WHAT YOU NEED TO DO:
Only lines containing "definition" belong in the answer, each copied from the entries below.

Stored items:
lemma common_suffix_length_le_h:
  assumes "ps \<noteq> []"
  shows "common_suffix_length ps \<le> h (last ps) (hd ps)"
proof -
  let ?c = "common_suffix_length ps"
  let ?u = "drop (length (last ps) - ?c) (last ps)"
  have "\<forall>z\<in>set ps. suffix ?u z"
    using suffix_all_drop_iff_le_common_suffix_length[OF assms common_suffix_length_le_last[OF assms]]
    by simp
  then have "suffix ?u (hd ps)"
    using assms by simp
  then have "length ?u \<le> h (last ps) (hd ps)"
    using suffix_iff_le_h suffix_drop by blast
  then show ?thesis
    using common_suffix_length_le_last[OF assms] by simp
qed

lemma length_add_e_cut_down_le:
  assumes "down r x y" "c \<le> h x y"
  shows "length y + e (cut x c) \<le> length x + e (cut y c)"
  using assms(1)
proof (cases rule: down_cases)
  case (delete p i q)
  then have "c \<le> length q" using assms(2) h_delete_leftmost_one by simp
  then show ?thesis using delete by (simp add: cut_append cut_Cons)
next
  case (replace p q k)
  then have "c \<le> length q" using assms(2) h_different_letter[of Two "One k" p q p] by simp
  then show ?thesis using replace by (simp add: cut_append cut_Cons)
qed

lemma length_add_e_cut_h_down:
  assumes "down r x y"
  shows "length y + e (cut x (h x y)) = length x"
  using assms
proof (cases rule: down_cases)
  case (delete p i q)
  then show ?thesis by (simp add: h_delete_leftmost_one cut_append_Cons_length e_twos)
next
  case (replace p q k)
  then show ?thesis by (simp add: h_different_letter cut_append_Cons_length e_twos)
qed

text \<open>Every one of the top word outside the common suffix gets deleted along the path.\<close>

lemma length_add_e_cut_common_suffix_length_le:
  "successively (down r) P \<Longrightarrow> P \<noteq> [] \<Longrightarrow>
    length (last P) + e (cut (hd P) (common_suffix_length P)) \<le> length (hd P)"
proof (induction P rule: induct_list012)
  case (2 x)
  then show ?case by (simp add: cut_def)
next
  case (3 x y zs)
  let ?c = "common_suffix_length (y # zs)"
  have step: "down r x y" and IH: "length (last (y # zs)) + e (cut y ?c) \<le> length y"
    using 3 by simp_all
  show ?case
  proof (cases "?c \<le> h x y")
    case True
    then show ?thesis using IH length_add_e_cut_down_le[OF step True] by simp
  next
    case False
    then show ?thesis using IH length_add_e_cut_h_down[OF step] by simp
  qed
qed simp

section \<open>Counting lifts\<close>

definition lifts :: "nat \<Rightarrow> word \<Rightarrow> word \<Rightarrow> word list \<Rightarrow> word list set" where
  "lifts r w v P = {ps. is_path r w v ps \<and> map s ps = P}"

lemma finite_lifts: "finite (lifts r w v P)"
  unfolding lifts_def by (rule finite_subset[OF _ finite_paths[of r w v]]) blast

lemma lifts_singleton: "lifts r w v [x] = (if x = s v \<and> w = v then {[v]} else {})"
proof -
  have "ps \<in> lifts r w v [x] \<longleftrightarrow> ps = [v] \<and> x = s v \<and> w = v" for ps
    by (cases ps) (auto simp: lifts_def is_path_iff)
  then show ?thesis by auto
qed

lemma lifts_Cons:
  "lifts r w v (s v # y # P) = (\<Union>v'\<in>{v'. down r v v' \<and> s v' = y}. (#) v ` lifts r w v' (y # P))"
proof (intro equalityI subsetI)
  fix ps assume "ps \<in> lifts r w v (s v # y # P)"
  then have path: "is_path r w v ps" and proj: "map s ps = s v # y # P"
    by (simp_all add: lifts_def)
  from proj obtain a v' ps' where ps: "ps = a # v' # ps'" and "s v' = y" "map s ps' = P"
    unfolding map_eq_Cons_conv by blast
  moreover have "a = v" "down r v v'" "is_path r w v' (v' # ps')"
    using path unfolding ps is_path_iff by auto
  ultimately show "ps \<in> (\<Union>v'\<in>{v'. down r v v' \<and> s v' = y}. (#) v ` lifts r w v' (y # P))"
    unfolding lifts_def by auto
next
  fix ps assume "ps \<in> (\<Union>v'\<in>{v'. down r v v' \<and> s v' = y}. (#) v ` lifts r w v' (y # P))"
  then obtain v' ps' where v': "down r v v'" "s v' = y" and ps: "ps = v # ps'"
    and lift: "ps' \<in> lifts r w v' (y # P)"
    by blast
  then obtain ps'' where "ps' = v' # ps''"
    unfolding lifts_def is_path_iff by (cases ps') auto
  with v' ps lift show "ps \<in> lifts r w v (s v # y # P)"
    unfolding lifts_def is_path_iff by simp
qed

lemma card_lifts_Cons:
  "card (lifts r w v (s v # y # P)) = (\<Sum>v' | down r v v' \<and> s v' = y. card (lifts r w v' (y # P)))"
proof -
  have "finite {v'. down r v v' \<and> s v' = y}"
    by (rule finite_subset[OF _ finite_down[of r v]]) blast
  moreover have "lifts r w v1 (y # P) \<inter> lifts r w v2 (y # P) = {}" if "v1 \<noteq> v2" for v1 v2
    using that by (auto simp: lifts_def is_path_iff)
  then have "(#) v ` lifts r w v1 (y # P) \<inter> (#) v ` lifts r w v2 (y # P) = {}" if "v1 \<noteq> v2" for v1 v2
    using that by blast
  ultimately have "card (lifts r w v (s v # y # P))
      = (\<Sum>v' | down r v v' \<and> s v' = y. card ((#) v ` lifts r w v' (y # P)))"
    unfolding lifts_Cons by (intro card_UN_disjoint) (simp_all add: finite_lifts)
  then show ?thesis by (simp add: card_image)
qed

lemma card_paths_eq_sum_card_lifts:
  "card {ps. is_path r w v ps} = (\<Sum>P | is_path 1 (s w) (s v) P. card (lifts r w v P))"
proof -
  have "{ps. is_path r w v ps} = (\<Union>P\<in>{P. is_path 1 (s w) (s v) P}. lifts r w v P)"
    using is_path_s unfolding lifts_def by blast
  moreover have "lifts r w v P1 \<inter> lifts r w v P2 = {}" if "P1 \<noteq> P2" for P1 P2
    using that by (auto simp: lifts_def)
  ultimately show ?thesis
    by (simp only:) (intro card_UN_disjoint finite_paths ballI finite_lifts impI)
qed

definition lift_count :: "nat \<Rightarrow> word \<Rightarrow> word \<Rightarrow> nat \<Rightarrow> nat" where
  "lift_count r w v c = (if c \<le> h w v then r ^ (length v - length w - e (cut v c)) else 0)"

lemma lift_count_delete_step:
  assumes p: "\<forall>a\<in>set p. a = Two" and c: "c \<le> h (s w) (s (p @ q))"
  shows "lift_count r w (p @ q) c = lift_count r w (p @ One j # q) (min (length q) c)"
proof (cases "c \<le> length q")
  case True
  have "c \<le> h w (p @ q) \<longleftrightarrow> c \<le> h w (p @ One j # q)"
    using True le_h_append_iff[of c q w p] le_h_append_iff[of c q w "p @ [One j]"] by simp
  then show ?thesis
    using True p by (simp add: lift_count_def cut_append cut_Cons e_twos)
next
  case False
  have "c \<le> h w (p @ q) \<longleftrightarrow> suffix q w"
    using False c le_h_twos_append_iff[OF p] by simp
  also have "\<dots> \<longleftrightarrow> length q \<le> h w (p @ One j # q)"
    using suffix_iff_le_h[OF suffix_append_Cons] .
  finally show ?thesis
    using False p by (simp add: lift_count_def cut_append_long cut_append_Cons_length e_cut_twos e_twos)
qed

lemma index_of_lifted_one:
  assumes p: "\<forall>a\<in>set p. a = Two" and w: "w \<in> YF r"
    and q: "length q < c" and c: "c \<le> h (s w) (s (p @ One 1 # q))"
  obtains k0 where "k0 \<in> {1..r}" and "\<And>k. c \<le> h w (p @ One k # q) \<longleftrightarrow> k = k0 \<and> suffix q w"
proof -
  have "suffix (One 1 # s q) (s (p @ One 1 # q))"
    using p by (simp add: s_twos suffix_appendI)
  then have "suffix (One 1 # s q) (s w)"
    using c q suffix_iff_le_h by fastforce
  then obtain w0 where "s w = w0 @ One 1 # s q"
    by (auto simp: suffix_def)
  then obtain w1 a q' where w1: "w = w1 @ a # q'" "sl a = One 1" "s q' = s q"
    by (rule s_eq_append_ConsE)
  then obtain k0 where a: "a = One k0"
    by (auto elim: sl_eq_OneE)
  have lq': "length q' = length q"
    using arg_cong[OF w1(3), of length] by simp
  have "c \<le> h w (p @ One k # q) \<longleftrightarrow> k = k0 \<and> suffix q w" for k
  proof -
    have "c \<le> h w (p @ One k # q) \<longleftrightarrow> suffix (One k # q) w"
      using le_h_twos_append_iff[OF p, of "One k # q" c w] q c p by (simp add: s_twos)
    also have "\<dots> \<longleftrightarrow> k = k0 \<and> q' = q"
      using w1 a lq' suffix_append_same_length_iff[of "One k # q" "One k0 # q'" w1] by auto
    also have "q' = q \<longleftrightarrow> suffix q w"
      using w1 lq' suffix_append_same_length_iff[of q q' "w1 @ [a]"] by auto
    finally show ?thesis .
  qed
  moreover have "k0 \<in> {1..r}"
    using w w1 a by (auto simp: YF_def)
  ultimately show thesis
    using that by blast
qed

lemma lift_count_replace_step:
  assumes p: "\<forall>a\<in>set p. a = Two" and c: "c \<le> h (s w) (s (p @ One 1 # q))" and w: "w \<in> YF r"
    and bound: "length w + e (cut (p @ One 1 # q) c) \<le> length (p @ One 1 # q)"
  shows "(\<Sum>k = 1..r. lift_count r w (p @ One k # q) c) = lift_count r w (p @ Two # q) (min (length q) c)"
proof (cases "c \<le> length q")
  case True
  let ?N = "length (p @ Two # q) - length w"
  let ?X = "e (cut q c)"
  have "lift_count r w (p @ One k # q) c = (if c \<le> h w q then r ^ (?N - Suc ?X) else 0)" for k
    using True le_h_append_iff[of c q w "p @ [One k]"] p
    by (simp add: lift_count_def cut_append cut_Cons e_twos)
  then have "(\<Sum>k = 1..r. lift_count r w (p @ One k # q) c) = (if c \<le> h w q then r * r ^ (?N - Suc ?X) else 0)"
    by simp
  \<comment> \<open>\<open>bound\<close> gives \<open>Suc ?X \<le> ?N\<close>, so the truncated subtraction does no harm here.\<close>
  also have "\<dots> = (if c \<le> h w q then r ^ (?N - ?X) else 0)"
    using bound True p by (simp add: cut_append cut_Cons e_twos Suc_diff_le flip: power_Suc)
  also have "\<dots> = lift_count r w (p @ Two # q) (min (length q) c)"
    using True le_h_append_iff[of c q w "p @ [Two]"] p
    by (simp add: lift_count_def cut_append cut_Cons e_twos)
  finally show ?thesis .
next
  case False
  obtain k0 where k0: "k0 \<in> {1..r}" and iff: "\<And>k. c \<le> h w (p @ One k # q) \<longleftrightarrow> k = k0 \<and> suffix q w"
    using index_of_lifted_one[OF p w _ c] False by auto
  have "lift_count r w (p @ One k # q) c
      = (if k = k0 then (if suffix q w then r ^ (length (p @ Two # q) - length w) else 0) else 0)" for k
    using iff[of k] False p by (simp add: lift_count_def cut_append_long e_cut_twos)
  then have "(\<Sum>k = 1..r. lift_count r w (p @ One k # q) c)
      = (if suffix q w then r ^ (length (p @ Two # q) - length w) else 0)"
    using k0 by simp
  also have "\<dots> = lift_count r w (p @ Two # q) (min (length q) c)"
    using suffix_iff_le_h[OF suffix_append_Cons[of q p Two], of w] False p
    by (simp add: lift_count_def cut_append_Cons_length e_twos)
  finally show ?thesis .
qed

lemma sum_lift_count_successors:
  assumes step: "down 1 (s v) y" and c: "c \<le> h (s w) y" and w: "w \<in> YF r"
    and bound: "length w + e (cut y c) \<le> length y"
  shows "(\<Sum>v' | down r v v' \<and> s v' = y. lift_count r w v' c) = lift_count r w v (min (h (s v) y) c)"
  using step
proof (cases rule: down_1_s_cases)
  case (delete p j q)
  have "h (s v) y = length q"
    using delete h_delete_leftmost_one[of p 1 "s q"] by (simp add: s_twos)
  then show ?thesis
    using delete c lifted_successors_delete[of p r j q] lift_count_delete_step[of p c w q r j] by simp
next
  case (replace p q)
  have "h (s v) y = length q"
    using replace h_different_letter[of Two "One 1" p "s q" p] by (simp add: s_twos)
  moreover have "(\<Sum>v' | down r v v' \<and> s v' = y. lift_count r w v' c)
      = (\<Sum>k = 1..r. lift_count r w (p @ One k # q) c)"
    using replace lifted_successors_replace[of p r q] by (simp add: sum.reindex inj_on_def)
  moreover have "e (cut y c) = e (cut (p @ One 1 # q) c)" "length y = length (p @ One 1 # q)"
    using replace(3) by (simp_all only: cut_s e_s length_s)
  then have "length w + e (cut (p @ One 1 # q) c) \<le> length (p @ One 1 # q)"
    using bound by simp
  ultimately show ?thesis
    using lift_count_replace_step[OF replace(1) _ w] c replace by simp
qed

lemma card_lifts:
  assumes "is_path 1 (s w) (s v) P" and w: "w \<in> YF r"
  shows "card (lifts r w v P) = lift_count r w v (common_suffix_length P)"
  using assms(1)
proof (induction P arbitrary: v rule: induct_list012)
  case 1
  then show ?case by (simp add: is_path_iff)
next
  case (2 x)
  then have x: "x = s v" "x = s w" by (auto simp: is_path_iff)
  then have "length v = length w" by (metis length_s)
  then have "length v \<le> h w v \<longleftrightarrow> w = v" by (auto simp: h_ge_iff h_self)
  then show ?case using x by (auto simp: lifts_singleton lift_count_def cut_def)
next
  case (3 x y ps)
  let ?c = "common_suffix_length (y # ps)"
  have x: "x = s v" and step: "down 1 (s v) y" and tail: "is_path 1 (s w) y (y # ps)"
    using "3.prems" by (auto simp: is_path_iff)
  have IH: "card (lifts r w v' (y # ps)) = lift_count r w v' ?c" if "s v' = y" for v'
    using "3.IH"(2) tail that by blast
  have "card (lifts r w v (x # y # ps)) = (\<Sum>v' | down r v v' \<and> s v' = y. card (lifts r w v' (y # ps)))"
    using x card_lifts_Cons by simp
  also have "\<dots> = (\<Sum>v' | down r v v' \<and> s v' = y. lift_count r w v' ?c)"
    using IH by (intro sum.cong) auto
  also have "\<dots> = lift_count r w v (min (h (s v) y) ?c)"
  proof (rule sum_lift_count_successors[OF step _ w])
    show "?c \<le> h (s w) y"
      using common_suffix_length_le_h[of "y # ps"] tail by (simp add: is_path_iff)
    show "length w + e (cut y ?c) \<le> length y"
      using length_add_e_cut_common_suffix_length_le[of 1 "y # ps"] tail by (simp add: is_path_iff)
  qed
  finally show ?case using x by simp
qed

TASK ANSWER:
definition lifts :: "nat \<Rightarrow> word \<Rightarrow> word \<Rightarrow> word list \<Rightarrow> word list set" where
definition lift_count :: "nat \<Rightarrow> word \<Rightarrow> word \<Rightarrow> nat \<Rightarrow> nat" where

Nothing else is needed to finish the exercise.